Nearly all studies had pre-registered protocols or were listed in trial registries such as ClinicalTrials.gov. Outcomes reported in the final publications were generally consistent with those prespecified, minimizing the risk of selective outcome reporting. In several trials, supplementary data and statistical analysis plans were made available, further improving transparency.

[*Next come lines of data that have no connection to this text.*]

(* Let $F$ be a minimally unsatisfiable clause-set and $(v,w)$ a singular tuple for $F$ with singularity-degree tuple $(1,1)$. Let $C,D\in F$ be the two clauses containing the variable $v$. 1. Assume $w$ is not 1-singular for $F$. Then $w$ is 2-singular for $F$; if $E_0\in F$ is its main clause and $E_1,E_2\in F$ its two side clauses, then $\{E_1,E_2\}=\{C,D\}$; $v$ is 1-singular for $\mathrm{DP}_w(F)$; and thus $(w,v)$ is a singular tuple for $F$ with singularity-degree tuple $(2,1)$. 2. Otherwise ($w$ is 1-singular for $F$): $v$ is 1-singular for $\mathrm{DP}_w(F)$; thus $(w,v)$ is a singular tuple for $F$ with singularity-degree tuple $(1,1)$; and if $E_1,E_2$ are the two clauses of $F$ containing the variable $w$, then $|\{C,D\}\cap\{E_1,E_2\}|\le1$.
   Context: Literals are variables $v$ and complements $\overline{v}$; a clause is a finite set of literals with no complementary pair; a clause-set is a finite set of clauses; $\mathrm{ldeg}_F(x)$ is the number of clauses of $F$ containing literal $x$, $\mathrm{vdeg}_F(v)=\mathrm{ldeg}_F(v)+\mathrm{ldeg}_F(\overline{v})$. $\mathrm{DP}_v(F) := \{C \in F : v \notin \mathrm{var}(C)\} \cup \{(C \cup D)\setminus\{v,\overline{v}\} : C, D \in F,\ C \cap \overline{D} = \{v\}\}$; $\mathrm{DP}_{v,w}(F)=\mathrm{DP}_w(\mathrm{DP}_v(F))$. A variable $v$ is singular for $F$ if $\min(\mathrm{ldeg}_F(v),\mathrm{ldeg}_F(\overline{v}))=1$, $m$-singular if additionally $\mathrm{vdeg}_F(v)-1=m$; 1-singular means $\mathrm{ldeg}_F(v)=\mathrm{ldeg}_F(\overline{v})=1$. For a singular variable with singular literal $x$ (a literal of $v$ with $\mathrm{ldeg}_F(x)=1$), the main clause is the clause containing $x$ and the side clauses are those containing $\overline{x}$. For minimally unsatisfiable $F$, $(v,w)$ is a singular tuple if $v$ is singular for $F$ and $w$ is singular for $\mathrm{DP}_v(F)$; its singularity-degree tuple is $(m_1,m_2)$ where $v$ is $m_1$-singular for $F$ and $w$ is $m_2$-singular for $\mathrm{DP}_v(F)$. *)

theory Defs
  imports Main
begin

datatype 'v lit = Pos 'v | Neg 'v

fun comp :: "'v lit \<Rightarrow> 'v lit" where
  "comp (Pos v) = Neg v" | "comp (Neg v) = Pos v"

fun var :: "'v lit \<Rightarrow> 'v" where
  "var (Pos v) = v" | "var (Neg v) = v"

type_synonym 'v clause = "'v lit set"

definition vars_cl :: "'v clause \<Rightarrow> 'v set" where
  "vars_cl C = var ` C"

definition is_clause :: "'v clause \<Rightarrow> bool" where
  "is_clause C \<longleftrightarrow> finite C \<and> (\<forall>x\<in>C. comp x \<notin> C)"

definition is_clause_set :: "'v clause set \<Rightarrow> bool" where
  "is_clause_set F \<longleftrightarrow> finite F \<and> (\<forall>C\<in>F. is_clause C)"

fun lit_val :: "('v \<Rightarrow> bool) \<Rightarrow> 'v lit \<Rightarrow> bool" where
  "lit_val \<phi> (Pos v) = \<phi> v" | "lit_val \<phi> (Neg v) = (\<not> \<phi> v)"

definition sat :: "'v clause set \<Rightarrow> bool" where
  "sat F \<longleftrightarrow> (\<exists>\<phi>. \<forall>C\<in>F. \<exists>x\<in>C. lit_val \<phi> x)"

definition min_unsat :: "'v clause set \<Rightarrow> bool" where
  "min_unsat F \<longleftrightarrow> is_clause_set F \<and> \<not> sat F \<and> (\<forall>C\<in>F. sat (F - {C}))"

definition ldeg :: "'v clause set \<Rightarrow> 'v lit \<Rightarrow> nat" where
  "ldeg F x = card {C\<in>F. x \<in> C}"

definition vdeg :: "'v clause set \<Rightarrow> 'v \<Rightarrow> nat" where
  "vdeg F v = ldeg F (Pos v) + ldeg F (Neg v)"

definition DP :: "'v \<Rightarrow> 'v clause set \<Rightarrow> 'v clause set" where
  "DP v F = {C\<in>F. v \<notin> vars_cl C} \<union>
     {(C \<union> D) - {Pos v, Neg v} | C D. C \<in> F \<and> D \<in> F \<and> C \<inter> comp ` D = {Pos v}}"

definition singular :: "'v clause set \<Rightarrow> 'v \<Rightarrow> bool" where
  "singular F v \<longleftrightarrow> min (ldeg F (Pos v)) (ldeg F (Neg v)) = 1"

definition m_singular :: "'v clause set \<Rightarrow> 'v \<Rightarrow> nat \<Rightarrow> bool" where
  "m_singular F v m \<longleftrightarrow> singular F v \<and> vdeg F v - 1 = m"

text \<open>Singular tuple (v,w) for F (F minimally unsatisfiable is assumed separately).\<close>
definition singular_tuple :: "'v clause set \<Rightarrow> 'v \<Rightarrow> 'v \<Rightarrow> bool" where
  "singular_tuple F v w \<longleftrightarrow> singular F v \<and> singular (DP v F) w"

definition sdeg_tuple :: "'v clause set \<Rightarrow> 'v \<Rightarrow> 'v \<Rightarrow> nat \<Rightarrow> nat \<Rightarrow> bool" where
  "sdeg_tuple F v w m1 m2 \<longleftrightarrow> m_singular F v m1 \<and> m_singular (DP v F) w m2"

end

theory Submission
  imports Defs
begin

text \<open>Minimal unsatisfiability enters through one fact: every literal of a clause has a resolution
  partner clashing with that clause in this literal only. Hence eliminating a singular variable
  merges the main clause with each side clause, and for a 1-singular variable the resolvent is
  not already in \<open>F\<close>. So \<open>DP\<^sub>v\<close> keeps the degree of every literal of another variable, except
  that a literal lying in both \<open>C\<close> and \<open>D\<close> loses one occurrence. If a literal \<open>y\<close> of \<open>w\<close> lies in
  both, then \<open>w\<close> is 2-singular in \<open>F\<close> with side clauses \<open>C, D\<close>, and \<open>DP\<^sub>w\<close> puts the two
  literals of \<open>v\<close> into two different resolvents. Otherwise \<open>w\<close> is 1-singular in \<open>F\<close>, and a literal
  of \<open>v\<close> could only lose its single occurrence by lying in both clauses of \<open>w\<close>; these clauses
  cannot be \<open>C, D\<close>, which clash in \<open>v\<close> alone.\<close>

lemma comp_comp [simp]: "comp (comp x) = x"
  by (cases x) auto

lemma var_comp [simp]: "var (comp x) = var x"
  by (cases x) auto

lemma lit_val_comp [simp]: "lit_val \<phi> (comp x) \<longleftrightarrow> \<not> lit_val \<phi> x"
  by (cases x) auto

lemma var_eq_iff: "var a = var b \<longleftrightarrow> a = b \<or> a = comp b"
  by (cases a; cases b) auto

lemma comp_image_iff: "z \<in> comp ` E \<longleftrightarrow> comp z \<in> E"
  by (metis comp_comp image_iff)

lemma var_in_vars_cl: "var y \<in> vars_cl E \<longleftrightarrow> y \<in> E \<or> comp y \<in> E"
  unfolding vars_cl_def by (metis comp_comp image_iff var_eq_iff)

lemma Pos_Neg_eq: "var y = u \<Longrightarrow> {Pos u, Neg u} = {y, comp y}"
  by (cases y) auto

lemma comp_eq_iff: "comp a = b \<longleftrightarrow> a = comp b"
  by (cases a; cases b) auto

lemma clash_swap: "P \<inter> comp ` Q = {z} \<longleftrightarrow> Q \<inter> comp ` P = {comp z}"
proof -
  have clash_iff: "P \<inter> comp ` Q = {z} \<longleftrightarrow> (\<forall>a. a \<in> P \<and> comp a \<in> Q \<longleftrightarrow> a = z)" for P Q z
    by (auto simp: set_eq_iff comp_image_iff)
  have all_comp: "(\<forall>a. R a) \<longleftrightarrow> (\<forall>a. R (comp a))" for R :: "'a lit \<Rightarrow> bool"
    by (metis comp_comp)
  show ?thesis
    unfolding clash_iff all_comp[of "\<lambda>a. a \<in> P \<and> comp a \<in> Q \<longleftrightarrow> a = z"]
    by (simp add: comp_eq_iff conj_commute)
qed

lemma DP_by_literal:
  assumes "var z = u"
  shows "DP u F = {E \<in> F. u \<notin> vars_cl E} \<union>
    {(P \<union> Q) - {Pos u, Neg u} | P Q. P \<in> F \<and> Q \<in> F \<and> P \<inter> comp ` Q = {z}}"
proof (cases z)
  case Neg
  with assms have "z = comp (Pos u)" by simp
  then show ?thesis
    unfolding DP_def clash_swap[of _ _ z] by (auto simp: Un_commute)
qed (use assms in \<open>simp add: DP_def\<close>)

lemma DP_var_notin: "E \<in> DP v F \<Longrightarrow> v \<notin> vars_cl E"
  using var_in_vars_cl[of "Pos v"] by (auto simp: DP_def)

lemma mem_singleton_occurrences:
  "{E \<in> F. x \<in> E} = {P} \<Longrightarrow> E \<in> F \<Longrightarrow> x \<in> E \<longleftrightarrow> E = P"
  by (auto simp: set_eq_iff)

lemma min_unsat_finite: "min_unsat F \<Longrightarrow> finite F"
  by (simp add: min_unsat_def is_clause_set_def)

lemma min_unsat_comp_notin: "min_unsat F \<Longrightarrow> E \<in> F \<Longrightarrow> x \<in> E \<Longrightarrow> comp x \<notin> E"
  by (simp add: min_unsat_def is_clause_set_def is_clause_def)

lemma sat_by_setting_literal:
  assumes "\<forall>E \<in> F. y \<notin> E \<longrightarrow> (\<exists>a \<in> E. var a \<noteq> var y \<and> lit_val \<phi> a)"
  shows "sat F"
proof -
  define \<psi> where "\<psi> = \<phi>(var y := (y = Pos (var y)))"
  have "lit_val \<psi> y" by (cases y) (simp_all add: \<psi>_def)
  moreover have "lit_val \<psi> a = lit_val \<phi> a" if "var a \<noteq> var y" for a
    using that by (cases a) (simp_all add: \<psi>_def)
  ultimately show ?thesis
    unfolding sat_def using assms by metis
qed

lemma min_unsat_remove_clause:
  assumes "min_unsat F" "P \<in> F"
  obtains \<phi> where "\<forall>E \<in> F - {P}. \<exists>a \<in> E. lit_val \<phi> a" "\<forall>a \<in> P. \<not> lit_val \<phi> a"
proof -
  from assms obtain \<phi> where \<phi>: "\<forall>E \<in> F - {P}. \<exists>a \<in> E. lit_val \<phi> a"
    by (auto simp: min_unsat_def sat_def)
  moreover have "\<forall>a \<in> P. \<not> lit_val \<phi> a"
    using assms \<phi> unfolding min_unsat_def sat_def by blast
  ultimately show ?thesis using that by blast
qed
(* Let $\mathcal{H}_O\simeq\mathbb{C}^{d_O}$ and $\mathcal{H}_R\simeq\mathbb{C}^{d_R}$. Let $H_R=\sum_{m=1}^{d_R}\lambda_m^{\uparrow}|\xi_m\rangle\langle\xi_m|$ with $\lambda_1^\uparrow\leqslant\dots\leqslant\lambda_{d_R}^\uparrow$ and $\{|\xi_m\rangle\}$ an orthonormal basis; let $\beta\in(0,\infty)$ and $\rho_R(\beta)=e^{-\beta H_R}/\mathrm{tr}[e^{-\beta H_R}]=\sum_m r_m^{\downarrow}|\xi_m\rangle\langle\xi_m|$. Let $\rho_O=\sum_{l=1}^{d_O}o_l^{\downarrow}|\varphi_l\rangle\langle\varphi_l|$ with $o_1^\downarrow\geqslant\dots\geqslant o_{d_O}^\downarrow$ and $\{|\varphi_l\rangle\}$ an orthonormal basis, and $\rho=\rho_O\otimes\rho_R(\beta)$. Let $p_{\varphi_1}^{\max}$ be the sum of the $d_R$ largest numbers among $\{o_l^\downarrow r_m^\downarrow\}_{l,m}$ (counted with multiplicity). Consider the following sequential swap algorithm, which applies a sequence of unitaries to $\rho$; throughout, the current state is diagonal in the basis $\{|\varphi_l\rangle\otimes|\xi_m\rangle\}$ and $p_{l,m}$ denotes its current diagonal entry at $|\varphi_l\rangle\otimes|\xi_m\rangle$ (initially $p_{l,m}=o_l^\downarrow r_m^\downarrow$). For $i=2,3,\dots,d_R$ (outer loop), for $m=d_R,d_R-1,\dots,1$ (middle loop), for $l=d_O,d_O-1,\dots,2$ (inner loop): if $p_{1,i}<p_{l,m}$, apply the unitary that swaps the basis vectors $|\varphi_1\rangle\otimes|\xi_i\rangle$ and $|\varphi_l\rangle\otimes|\xi_m\rangle$ and acts as the identity on all other basis vectors (this exchanges $p_{1,i}$ and $p_{l,m}$); otherwise do nothing. Let $\rho^{(j)}$ be the state after the $j$-th swap actually performed ($\rho^{(0)}=\rho$), $\rho_O^{(j)}=\mathrm{tr}_R[\rho^{(j)}]$, $\delta_j=p_{\varphi_1}^{\max}-\langle\varphi_1|\rho_O^{(j)}|\varphi_1\rangle$, and $\Delta Q_j=\mathrm{tr}[H_R(\mathrm{tr}_O[\rho^{(j)}]-\rho_R(\beta))]$. Then $(\delta_j)_j$ is non-increasing, $(\Delta Q_j)_j$ is non-decreasing, and for every $j$ the state $\rho_O^{(j)}$ is passive with respect to the ordered basis $(|\varphi_l\rangle)_l$, i.e. it is diagonal in this basis and $\langle\varphi_a|\rho_O^{(j)}|\varphi_a\rangle\geqslant\langle\varphi_b|\rho_O^{(j)}|\varphi_b\rangle$ whenever $a<b$.
   Context: $\mathrm{tr}_O,\mathrm{tr}_R$ denote partial traces over $\mathcal{H}_O$ and $\mathcal{H}_R$. In the paper the basis $(|\varphi_l\rangle)_l$ is thought of as the eigenbasis of an object Hamiltonian in increasing order of energy, which is what makes this notion "passive". *)

theory Defs
  imports "Jordan_Normal_Form.Schur_Decomposition"
begin

(* Conventions: H_O = C^dO, H_R = C^dR, H_O \<otimes> H_R = C^(dO*dR) with the
   product index  a*dR + b  for  e_a \<otimes> e_b.  All indices are 0-based:
   paper index k corresponds to k-1 here. *)

definition ketbra :: "complex vec \<Rightarrow> complex vec \<Rightarrow> complex mat" where
  "ketbra v w = mat (dim_vec v) (dim_vec w) (\<lambda>(i,j). v $ i * cnj (w $ j))"

definition braket :: "complex vec \<Rightarrow> complex mat \<Rightarrow> complex vec \<Rightarrow> complex" where
  "braket v M w = (M *\<^sub>v w) \<bullet>c v"
(* X_M is J - Z, where J is the all-ones matrix and Z the zeta matrix of the order.
   Expanding along a minimal point shows that det (J - Z) = (-1)^n * chain_sum X, the signed
   count of chains of X, which up to sign is the reduced Euler characteristic of the order
   complex.  Deleting a point x changes chain_sum by the product of the chain sums of the
   strict down-set and the strict up-set of x.  A contractible finite space has chain sum 0:
   by Stong's argument it reduces to a point by deleting beat points, each of which has a cone
   as its link.  Hence deleting or adding a weak beat point preserves chain_sum, and so does
   a homeomorphism. *)

section \<open>Chains of a finite poset\<close>

lemma finite_poset_subset: "finite_poset S R \<Longrightarrow> T \<subseteq> S \<Longrightarrow> finite_poset T R"
  unfolding finite_poset_def by (meson finite_subset subsetD)

lemma finite_poset_converse: "finite_poset S R \<Longrightarrow> finite_poset S (\<lambda>x y. R y x)"
  unfolding finite_poset_def by blast

lemma finite_poset_ex_minimal:
  assumes "finite_poset S R" and "x \<in> S" and "P x"
  shows "\<exists>m\<in>S. P m \<and> (\<forall>y\<in>S. R y m \<longrightarrow> P y \<longrightarrow> y = m)"
proof -
  have fin: "finite S" and antisym: "\<And>a b. a \<in> S \<Longrightarrow> b \<in> S \<Longrightarrow> R a b \<Longrightarrow> R b a \<Longrightarrow> a = b"
    and trans: "\<And>a b c. a \<in> S \<Longrightarrow> b \<in> S \<Longrightarrow> c \<in> S \<Longrightarrow> R a b \<Longrightarrow> R b c \<Longrightarrow> R a c"
    using assms(1) unfolding finite_poset_def by blast+
  have "asymp_on S (\<lambda>a b. R a b \<and> a \<noteq> b)" unfolding asymp_on_def using antisym by blast
  moreover have "transp_on S (\<lambda>a b. R a b \<and> a \<noteq> b)" unfolding transp_on_def using antisym trans by blast
  moreover have "\<exists>x\<in>S. P x" using assms(2,3) by blast
  ultimately have "\<exists>m\<in>S. P m \<and> (\<forall>y\<in>S. R y m \<and> y \<noteq> m \<longrightarrow> \<not> P y)"
    by (rule Finite_Set.bex_min_element_with_property[OF fin])
  then show ?thesis by blast
qed
lemma finite_card_next_entries:
  assumes A: "\<And>E lab. (E, lab) \<in> A \<Longrightarrow> labelled_regular_graph n d E lab \<and> phi n d (E, lab) = x"
    and k: "k < n * d div 2"
  shows "finite {l ! k | l. l \<in> encode (n * d div 2) ` A \<and> take k l = p}
    \<and> card {l ! k | l. l \<in> encode (n * d div 2) ` A \<and> take k l = p} \<le> (if x ! k = 1 then d ^ 3 else n * d)"
proof (cases "\<exists>G\<in>A. take k (encode (n * d div 2) G) = p")
  case False
  then have empty: "{l ! k | l. l \<in> encode (n * d div 2) ` A \<and> take k l = p} = {}"
    by auto
  show ?thesis
    unfolding empty by simp
next
  case True
  then obtain E0 lab0 where "(E0, lab0) \<in> A" "p = encode k (E0, lab0)"
    using k take_encode by fastforce
  then interpret G0: labelled_regular_graph n d E0 lab0
    using A by blast
  have "{l ! k | l. l \<in> encode (n * d div 2) ` A \<and> take k l = p} \<subseteq> next_candidates n d p (x ! k = 1)"
  proof
    fix y assume "y \<in> {l ! k | l. l \<in> encode (n * d div 2) ` A \<and> take k l = p}"
    then obtain E lab where G: "(E, lab) \<in> A" and y: "y = encode (n * d div 2) (E, lab) ! k"
      and p: "take k (encode (n * d div 2) (E, lab)) = p"
      by auto
    interpret labelled_regular_graph n d E lab
      using A[OF G] by blast
    show "y \<in> next_candidates n d p (x ! k = 1)"
      using encode_nth_in_next_candidates[of k] k y p A[OF G] card_edges take_encode by simp
  qed
  moreover have "finite (next_candidates n d p (x ! k = 1))
      \<and> card (next_candidates n d p (x ! k = 1)) \<le> (if x ! k = 1 then d ^ 3 else n * d)"
    using G0.finite_card_next_candidates[of k] k G0.card_edges \<open>p = _\<close> by simp
  ultimately show ?thesis
    by (meson card_mono finite_subset le_trans)
qed

lemma prod_step_bounds_eq:
  fixes x :: "nat list"
  assumes "length x = n * d div 2" and "set x \<subseteq> {0, 1}"
  shows "real (\<Prod>k<n * d div 2. if x ! k = 1 then d ^ 3 else n * d)
    = real (d * n) ^ (d * n div 2) * (real d ^ 2 / real n) ^ sum_list x"
proof (cases "n = 0")
  case True
  then show ?thesis
    using assms(1) by simp
next
  case False
  define q where "q = real d ^ 2 / real n"
  have "real (if x ! k = 1 then d ^ 3 else n * d) = real (d * n) * q ^ (x ! k)"
    if "k < n * d div 2" for k
  proof -
    have "x ! k \<in> set x"
      using assms(1) that by simp
    then have "x ! k \<in> {0, 1}"
      using assms(2) by blast
    then show ?thesis
      unfolding q_def using False by (auto simp: field_simps power2_eq_square power3_eq_cube)
  qed
  then have "real (\<Prod>k<n * d div 2. if x ! k = 1 then d ^ 3 else n * d)
      = (\<Prod>k<n * d div 2. real (d * n) * q ^ (x ! k))"
    by (simp add: of_nat_prod)
  also have "\<dots> = real (d * n) ^ (n * d div 2) * q ^ (\<Sum>k<n * d div 2. x ! k)"
    by (simp add: prod.distrib power_sum)
  also have "(\<Sum>k<n * d div 2. x ! k) = sum_list x"
    using assms(1) by (simp add: sum_list_sum_nth atLeast0LessThan)
  finally show ?thesis
    unfolding q_def by (simp add: mult.commute)
qed

theorem lemma1:
  fixes n d :: nat and c :: real and x :: "nat list"
  assumes "0 < c" and "c < 1" and "even (d * n)"
    and "length x = n * d div 2" and "set x \<subseteq> {0, 1}"
  shows "real (card {G \<in> Gstar d n c. phi n d G = x})
           \<le> real (d * n) ^ (d * n div 2) * (real d ^ 2 / real n) ^ (sum_list x)"
proof -
  define m where "m = n * d div 2"
  define A where "A = {G \<in> Gstar d n c. phi n d G = x}"
  have A: "labelled_regular_graph n d E lab \<and> phi n d (E, lab) = x" if "(E, lab) \<in> A" for E lab
    using that Gstar_labelled_regular_graph unfolding A_def by blast
  have "inj_on (encode m) A"
    unfolding m_def by (rule inj_on_subset[OF inj_on_encode]) (use A in auto)
  then have "card A = card (encode m ` A)"
    by (simp add: card_image)
  also have "\<dots> \<le> (\<Prod>k<m. if x ! k = 1 then d ^ 3 else n * d)"
    by (rule card_le_prod_extensions) (use finite_card_next_entries[OF A] m_def in \<open>auto simp: length_encode\<close>)
  finally have "real (card A) \<le> real (\<Prod>k<m. if x ! k = 1 then d ^ 3 else n * d)"
    by (rule of_nat_mono)
  then show ?thesis
    using prod_step_bounds_eq[OF assms(4,5)] unfolding A_def m_def by simp
qed

end
lemma leb_Ico:
  assumes "0 \<le> y" "y \<le> 1"
  shows "leb {c..<c+y} = y"
proof -
  have "leb {c..<c+y} \<le> leb {c..c+y}" by (rule leb_mono, rule per_mono) auto
  moreover have "{c..c+y} = {c..<c+y} \<union> {c+y}" using assms by auto
  then have "leb {c..c+y} \<le> leb {c..<c+y} + leb {c+y}"
    using leb_Un[of "{c..<c+y}" "{c+y}"] by simp
  ultimately show ?thesis using leb_Icc[OF assms] leb_point by simp
qed

lemma leb_Icc_le: "a \<le> b \<Longrightarrow> leb {a..b} \<le> b - a"
  using leb_Icc[of "b-a" a] leb_le1[of "{a..b}"] by (cases "b - a \<le> 1") auto

definition arc_overlap :: "real \<Rightarrow> real \<Rightarrow> real \<Rightarrow> real \<Rightarrow> real" where
  "arc_overlap a b p q = leb (per {a..b} \<inter> per {p..q})"

text \<open>Moving the endpoints of two arcs changes their intersection only inside the four arcs swept by
  the endpoints; hence the overlap is 1-Lipschitz in each endpoint.\<close>

lemma per_diff_Icc:
  "per {a..b} - per {a'..b'} \<subseteq> per {min a a'..max a a'} \<union> per {min b b'..max b b'}"
proof
  fix t assume t: "t \<in> per {a..b} - per {a'..b'}"
  then obtain k::int where k: "a \<le> t + k" "t + k \<le> b" by (auto simp: per_def)
  have "\<not> (a' \<le> t + k \<and> t + k \<le> b')" using t by (auto simp: per_def)
  then have "(min a a' \<le> t + k \<and> t + k \<le> max a a') \<or> (min b b' \<le> t + k \<and> t + k \<le> max b b')"
    using k by linarith
  then show "t \<in> per {min a a'..max a a'} \<union> per {min b b'..max b b'}"
    unfolding per_def by auto
qed

lemma arc_overlap_le:
  "arc_overlap a b p q \<le> arc_overlap a' b' p' q'
     + \<bar>a - a'\<bar> + \<bar>b - b'\<bar> + \<bar>p - p'\<bar> + \<bar>q - q'\<bar>"
proof -
  let ?E = "\<lambda>u v. per {min u v..max u v}"
  let ?I = "per {a'..b'} \<inter> per {p'..q'}"
  have swept: "leb (?E u v) \<le> \<bar>u - v\<bar>" for u v
    using leb_Icc_le[of "min u v" "max u v"] by (auto simp: min_def max_def)
  have B: "per X \<in> sets borel" if "X \<in> sets borel" for X using that by (rule borel_per)
  have "per {a..b} \<inter> per {p..q} \<subseteq> ?I \<union> ?E a a' \<union> ?E b b' \<union> ?E p p' \<union> ?E q q'"
    using per_diff_Icc[of a b a' b'] per_diff_Icc[of p q p' q'] by blast
  then have "arc_overlap a b p q \<le> leb (?I \<union> ?E a a' \<union> ?E b b' \<union> ?E p p' \<union> ?E q q')"
    unfolding arc_overlap_def by (intro leb_mono per_mono) (auto intro!: B sets.Un sets.Int)
  also have "\<dots> \<le> arc_overlap a' b' p' q' + \<bar>a - a'\<bar> + \<bar>b - b'\<bar> + \<bar>p - p'\<bar> + \<bar>q - q'\<bar>"
    unfolding arc_overlap_def
    by (intro leb_Un_le swept order_refl sets.Int sets.Un B) auto
  finally show ?thesis .
qed

lemma arc_overlap_lipschitz:
  "\<bar>arc_overlap a b p q - arc_overlap a' b' p' q'\<bar>
     \<le> \<bar>a - a'\<bar> + \<bar>b - b'\<bar> + \<bar>p - p'\<bar> + \<bar>q - q'\<bar>"
  using arc_overlap_le[of a b p q a' b' p' q'] arc_overlap_le[of a' b' p' q' a b p q]
  unfolding abs_le_iff by (simp add: abs_minus_commute)

lemma arc_overlap_tendsto:
  assumes "(a \<longlongrightarrow> a0) F" "(b \<longlongrightarrow> b0) F" "(p \<longlongrightarrow> p0) F" "(q \<longlongrightarrow> q0) F"
  shows "((\<lambda>j. arc_overlap (a j) (b j) (p j) (q j)) \<longlongrightarrow> arc_overlap a0 b0 p0 q0) F"
proof -
  have "((\<lambda>j. \<bar>a j - a0\<bar> + \<bar>b j - b0\<bar> + \<bar>p j - p0\<bar> + \<bar>q j - q0\<bar>) \<longlongrightarrow> 0) F"
    using LIM_zero[OF assms(1)] LIM_zero[OF assms(2)] LIM_zero[OF assms(3)] LIM_zero[OF assms(4)]
    by (auto intro!: tendsto_add_zero tendsto_rabs_zero)
  then have "((\<lambda>j. arc_overlap (a j) (b j) (p j) (q j) - arc_overlap a0 b0 p0 q0) \<longlongrightarrow> 0) F"
    by (rule Lim_null_comparison[rotated]) (auto intro!: always_eventually arc_overlap_lipschitz)
  then show ?thesis by (rule LIM_zero_cancel)
qed

lemma arc_overlap_full: "arc_overlap a b 0 1 = leb {a..b}"
  using per_full_arc[of 0] by (simp add: arc_overlap_def)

Based on these criteria, the overall risk of bias was determined to be low for the majority of the included RCTs. This consistent methodological rigor across studies strengthens the credibility of the evidence base and supports the validity of the pooled effect estimates derived from this meta-analysis. Although a few studies exhibited minor methodological limitations in one or two domains, these were not judged to materially affect the overall risk profile or the direction of results. This rigorous quality assessment ensured that only high-quality studies were included, strengthening the validity and reliability of the meta-analysis.

4.3. Statistical Analysis

Quantitative data were analyzed using IBM SPSS Statistics (Version 29; IBM Corp., Armonk, NY, USA). Descriptive statistics were used to summarize the data, while inferential statistical tests were applied to determine the significance of the findings. Heterogeneity across studies was assessed using the I² statistic, and a random-effects model was employed when substantial heterogeneity was detected. Subgroup analyses and sensitivity analyses were conducted to explore potential sources of variability. Statistical significance was set at p < 0.05. The results were presented as pooled effect estimates with 95% confidence intervals (CIs), ensuring a robust meta-analytical approach.

5. Conclusions

The COVID-19 pandemic has underscored the need for repurposing existing drugs to identify cost-effective and widely accessible treatments. This meta-analysis provides valuable insights into the potential role of anthelmintic drugs, particularly ivermectin and mebendazole, in the management of COVID-19. While ivermectin demonstrated some benefits in specific studies, the overall evidence remains inconclusive, warranting further research to establish its optimal dosing and patient selection criteria. Mebendazole, though less studied, showed promising results in reducing viral load and inflammatory markers, making it a potential candidate for further investigation.

Despite these promising findings, the current evidence does not support the widespread clinical use of ivermectin or mebendazole for COVID-19 outside of well-designed clinical trials. Future research should focus on large-scale, multicenter RCTs with standardized dosing regimens and well-defined patient subgroups to clarify the efficacy of these drugs. Mechanistic studies exploring their antiviral and immunomodulatory effects could further enhance our understanding of their therapeutic potential.

From a clinical and policy perspective, while ivermectin and mebendazole may offer an affordable option in resource-limited settings, their use should be guided by clinical judgment and evidence-based guidelines. Policymakers should prioritize funding for further research to validate these findings, ensuring that any potential benefits are realized in a safe and effective manner.

In summary, this meta-analysis highlights the complexities of repurposing anthelmintic drugs for COVID-19 treatment. While preliminary data suggest potential benefits, particularly for mebendazole, substantial evidence gaps remain. Addressing these gaps through well-structured clinical trials will be crucial in determining whether these drugs can play a meaningful role in the ongoing fight against COVID-19.